• **Exercise directions**: Repeat only the lines below from the one containing "real) \<Rightarrow> nat \<Rightarrow> (nat" through the one containing "((\<lambda>k. norm (z", inclusive, exactly as written.

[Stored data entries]

(* Let Assumptions (A1), (A3), (A4) and (A15) below hold, let $C\in\mathbb{R}$, and assume that $\Pi^\star$ is minimal. Then there exist $N_0\in\mathbb{N}$ and $\delta_2\in\mathcal L$ such that for all $x,y\in\mathbb{X}_{\mathrm{pi}}(C,N_0)$ and all $N\ge N_0$ $$\tilde V_N^\beta(y)-\lambda(y)-\tilde V_N^\beta(x)+\lambda(x)\le V_N^\beta(y)-V_N^\beta(x)+\delta_2(N).$$
   Context: System $x(k+1)=f(x(k),u(k))$ with constraint sets $\mathbb{X}\subset\mathbb{R}^n$, $\mathbb{U}\subset\mathbb{R}^m$ and stage cost $\ell:\mathbb{X}\times\mathbb{U}\to\mathbb{R}$, which is assumed non-negative. For $u\in\mathbb{U}^T$, $x_u(0,x)=x$, $x_u(k+1,x)=f(x_u(k,x),u(k))$; $\mathbb{U}^T(x)$ is the set of $u\in\mathbb{U}^T$ with $x_u(k,x)\in\mathbb{X}$ for $k=0,\dots,T$. A feasible $p$-periodic orbit is $\Pi\in(\mathbb{X}\times\mathbb{U})^p$ with $\Pi_\mathbb{X}([k+1]_p)=f(\Pi(k))$ ($[k]_p$ = $k$ mod $p$); it is minimal if $\Pi_\mathbb{X}(k)=\Pi_\mathbb{X}(j)$ implies $k=j$. $\|(x,u)\|_\Pi:=\min_k\|(x,u)-\Pi(k)\|$, $\|x\|_{\Pi_\mathbb{X}}:=\min_k\|x-\Pi_\mathbb{X}(k)\|$; $\ell^\star:=\inf$ over all feasible periodic orbits of $\frac1p\sum_{k=0}^{p-1}\ell(\Pi(k))$; $\Pi^\star$ is a fixed feasible $p^\star$-periodic orbit attaining $\ell^\star$. $\mathcal L$: continuous decreasing functions $[0,\infty)\to[0,\infty)$ tending to $0$. (A1) $f,\ell$ continuous, $\mathbb{X},\mathbb{U}$ compact. (A3) There are $\lambda:\mathbb{X}\to\mathbb{R}$, $\bar\lambda$ with $|\lambda|\le\bar\lambda$ on $\mathbb{X}$, and $\underline\alpha_{\tilde\ell}\in\mathcal K_\infty$ such that $\tilde\ell(x,u):=\ell(x,u)-\ell^\star+\lambda(x)-\lambda(f(x,u))\ge\underline\alpha_{\tilde\ell}(\|(x,u)\|_{\Pi^\star})$ for all $x\in\mathbb{X}$, $u\in\mathbb{U}^1(x)$. (A4) There are $\kappa>0$, $M'\in\mathbb{N}$, $\rho\in\mathcal K_\infty$ such that for all $z\in\{\Pi^\star_\mathbb{X}(k)\}$ and $x,y\in\mathbb{X}$ with $\|x-z\|,\|y-z\|\le\kappa$ there is $u\in\mathbb{U}^{M'}(x)$ with $x_u(M',x)=y$ and $\|(x_u(k,x),u(k))\|_{\Pi^\star}\le\rho(\max\{\|x\|_{\Pi^\star_\mathbb{X}},\|y\|_{\Pi^\star_\mathbb{X}}\})$ for $k=0,\dots,M'-1$. (A15) $\lambda$ is continuous and there is $\overline\alpha_\lambda\in\mathcal K_\infty$ with $|\lambda(x)-\lambda(\Pi^\star_\mathbb{X}(k))|\le\overline\alpha_\lambda(\|x-\Pi^\star_\mathbb{X}(k)\|)$ for all $x\in\mathbb{X}$, $k=0,\dots,p^\star-1$. Discounted MPC: $\beta_N(k)=\frac{N-k}{N}$, $V_N^\beta(x)=\inf_{u\in\mathbb{U}^N(x)}\sum_{k=0}^{N-1}\beta_N(k)\ell(x_u(k,x),u(k))$ and $\tilde V_N^\beta(x)=\inf_{u\in\mathbb{U}^N(x)}\sum_{k=0}^{N-1}\beta_N(k)\tilde\ell(x_u(k,x),u(k))$. $\mathbb{X}_{\mathrm{pi}}(C,N_0)$ is the set of $x\in\mathbb{X}$ with $V_N^\beta(x)-\frac{N+1}{2}\ell^\star+\lambda(x)+\bar\lambda\le C$ for all $N\ge N_0$. *)

theory Defs
  imports "HOL-Analysis.Analysis"
begin

fun traj :: "('x \<Rightarrow> 'u \<Rightarrow> 'x) \<Rightarrow> (nat \<Rightarrow> 'u) \<Rightarrow> 'x \<Rightarrow> nat \<Rightarrow> 'x" where
  "traj f u x 0 = x"
| "traj f u x (Suc k) = f (traj f u x k) (u k)"

text \<open>Admissible control sequences U^T(x) (only the first T entries matter).\<close>
definition adm :: "('x \<Rightarrow> 'u \<Rightarrow> 'x) \<Rightarrow> 'x set \<Rightarrow> 'u set \<Rightarrow> nat \<Rightarrow> 'x \<Rightarrow> (nat \<Rightarrow> 'u) set" where
  "adm f X U T x = {u. (\<forall>k<T. u k \<in> U) \<and> (\<forall>k\<le>T. traj f u x k \<in> X)}"

definition feasible_orbit :: "('x \<Rightarrow> 'u \<Rightarrow> 'x) \<Rightarrow> 'x set \<Rightarrow> 'u set \<Rightarrow> nat \<Rightarrow> (nat \<Rightarrow> 'x \<times> 'u) \<Rightarrow> bool" where
  "feasible_orbit f X U p Orb \<longleftrightarrow> p > 0 \<and>
     (\<forall>k<p. Orb k \<in> X \<times> U \<and> fst (Orb (Suc k mod p)) = f (fst (Orb k)) (snd (Orb k)))"

definition minimal_orbit :: "nat \<Rightarrow> (nat \<Rightarrow> 'x \<times> 'u) \<Rightarrow> bool" where
  "minimal_orbit p Orb \<longleftrightarrow> (\<forall>k<p. \<forall>j<p. fst (Orb k) = fst (Orb j) \<longrightarrow> k = j)"

definition orbit_avg :: "('x \<Rightarrow> 'u \<Rightarrow> real) \<Rightarrow> nat \<Rightarrow> (nat \<Rightarrow> 'x \<times> 'u) \<Rightarrow> real" where
  "orbit_avg l p Orb = (1 / real p) * (\<Sum>k<p. l (fst (Orb k)) (snd (Orb k)))"

definition lstar :: "('x \<Rightarrow> 'u \<Rightarrow> 'x) \<Rightarrow> 'x set \<Rightarrow> 'u set \<Rightarrow> ('x \<Rightarrow> 'u \<Rightarrow> real) \<Rightarrow> real" where
  "lstar f X U l = Inf {orbit_avg l p Orb | p Orb. feasible_orbit f X U p Orb}"

definition orbit_dist :: "nat \<Rightarrow> (nat \<Rightarrow> 'x::real_normed_vector \<times> 'u::real_normed_vector) \<Rightarrow> 'x \<times> 'u \<Rightarrow> real" where
  "orbit_dist p Orb z = Min ((\<lambda>k. norm (z - Orb k)) ` {..<p})"

definition orbit_state_dist :: "nat \<Rightarrow> (nat \<Rightarrow> 'x::real_normed_vector \<times> 'u) \<Rightarrow> 'x \<Rightarrow> real" where
  "orbit_state_dist p Orb x = Min ((\<lambda>k. norm (x - fst (Orb k))) ` {..<p})"

definition class_Kinf :: "(real \<Rightarrow> real) \<Rightarrow> bool" where
  "class_Kinf a \<longleftrightarrow> continuous_on {0..} a \<and> a 0 = 0 \<and> strict_mono_on {0..} a
     \<and> filterlim a at_top at_top"

definition class_L :: "(real \<Rightarrow> real) \<Rightarrow> bool" where
  "class_L d \<longleftrightarrow> continuous_on {0..} d \<and> (\<forall>t\<ge>0. d t \<ge> 0)
     \<and> (\<forall>s t. 0 \<le> s \<longrightarrow> s \<le> t \<longrightarrow> d t \<le> d s) \<and> (d \<longlongrightarrow> 0) at_top"

definition ltilde :: "('x \<Rightarrow> 'u \<Rightarrow> 'x) \<Rightarrow> ('x \<Rightarrow> 'u \<Rightarrow> real) \<Rightarrow> real \<Rightarrow> ('x \<Rightarrow> real) \<Rightarrow> 'x \<Rightarrow> 'u \<Rightarrow> real" where
  "ltilde f l ls lam x u = l x u - ls + lam x - lam (f x u)"

definition Vbeta :: "('x \<Rightarrow> 'u \<Rightarrow> 'x) \<Rightarrow> 'x set \<Rightarrow> 'u set \<Rightarrow> ('x \<Rightarrow> 'u \<Rightarrow> real) \<Rightarrow> nat \<Rightarrow> 'x \<Rightarrow> real" where
  "Vbeta f X U g N x = Inf ((\<lambda>u. \<Sum>k<N. (real (N - k) / real N) * g (traj f u x k) (u k)) ` adm f X U N x)"

text \<open>X_pi(C,N0); membership requires V_N^\<beta>(x) < \<infinity>, i.e. U^N(x) nonempty.\<close>
definition Xpi :: "('x \<Rightarrow> 'u \<Rightarrow> 'x) \<Rightarrow> 'x set \<Rightarrow> 'u set \<Rightarrow> ('x \<Rightarrow> 'u \<Rightarrow> real) \<Rightarrow> ('x \<Rightarrow> real) \<Rightarrow> real \<Rightarrow> real \<Rightarrow> nat \<Rightarrow> 'x set" where
  "Xpi f X U l lam lbar C N0 = {x \<in> X. \<forall>N\<ge>N0. adm f X U N x \<noteq> {} \<and>
     Vbeta f X U l N x - (real N + 1) / 2 * lstar f X U l + lam x + lbar \<le> C}"

end

(*
  Rotating the stage cost changes the linearly discounted cost of a control by the constant
  (N+1)/2 l*, by lambda(x), and by minus the average of lambda along the trajectory. Hence
  V~(y) - lambda(y) - V~(x) + lambda(x) - (V(y) - V(x)) is at most the difference of these
  averages along nearly optimal controls, and on X_pi(C,1) those controls have rotated cost at
  most C+1. By strict dissipativity such a trajectory is epsilon-far from the optimal orbit in
  at most m + O(N/m) steps, and near the minimal orbit it follows the orbit index by index; so
  the average of lambda is uniformly close to its orbit mean for large N. A bounded family of
  gaps that eventually drops below every tau is dominated by the continuous decreasing envelope
  inf (a + c/(t+1)), which serves as delta_2 with N_0 = 1.
*)
theory Submission
  imports Defs
begin

section \<open>Hyperbolic envelopes\<close>

definition hyperbolic_majorants :: "(nat \<Rightarrow> real set) \<Rightarrow> (real \<times> real) set" where
  "hyperbolic_majorants S =
     {(a, c). 0 \<le> a \<and> 0 \<le> c \<and> (\<forall>N. \<forall>v\<in>S N. v \<le> a + c / (real N + 1))}"

text \<open>Each \<open>a + c / (t + 1)\<close> with \<open>a, c \<ge> 0\<close> is decreasing and satisfies
  \<open>a + c / (s + 1) \<le> (a + c / (t + 1)) (t + 1) / (s + 1)\<close> for \<open>s \<le> t\<close>; the infimum inherits
  both properties, hence is Lipschitz.\<close>
definition hyperbolic_envelope :: "(nat \<Rightarrow> real set) \<Rightarrow> real \<Rightarrow> real" where
  "hyperbolic_envelope S t = (INF (a, c)\<in>hyperbolic_majorants S. a + c / (t + 1))"

context
  fixes S :: "nat \<Rightarrow> real set" and B :: real
  assumes bounded: "\<And>N v. v \<in> S N \<Longrightarrow> v \<le> B" and B_nonneg: "0 \<le> B"
begin

lemma hyperbolic_majorants_nonempty: "(B, 0) \<in> hyperbolic_majorants S"
  using bounded B_nonneg by (auto simp: hyperbolic_majorants_def)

• **Task response**:
definition orbit_avg :: "('x \<Rightarrow> 'u \<Rightarrow> real) \<Rightarrow> nat \<Rightarrow> (nat \<Rightarrow> 'x \<times> 'u) \<Rightarrow> real" where
  "orbit_avg l p Orb = (1 / real p) * (\<Sum>k<p. l (fst (Orb k)) (snd (Orb k)))"

definition lstar :: "('x \<Rightarrow> 'u \<Rightarrow> 'x) \<Rightarrow> 'x set \<Rightarrow> 'u set \<Rightarrow> ('x \<Rightarrow> 'u \<Rightarrow> real) \<Rightarrow> real" where
  "lstar f X U l = Inf {orbit_avg l p Orb | p Orb. feasible_orbit f X U p Orb}"

definition orbit_dist :: "nat \<Rightarrow> (nat \<Rightarrow> 'x::real_normed_vector \<times> 'u::real_normed_vector) \<Rightarrow> 'x \<times> 'u \<Rightarrow> real" where
  "orbit_dist p Orb z = Min ((\<lambda>k. norm (z - Orb k)) ` {..<p})"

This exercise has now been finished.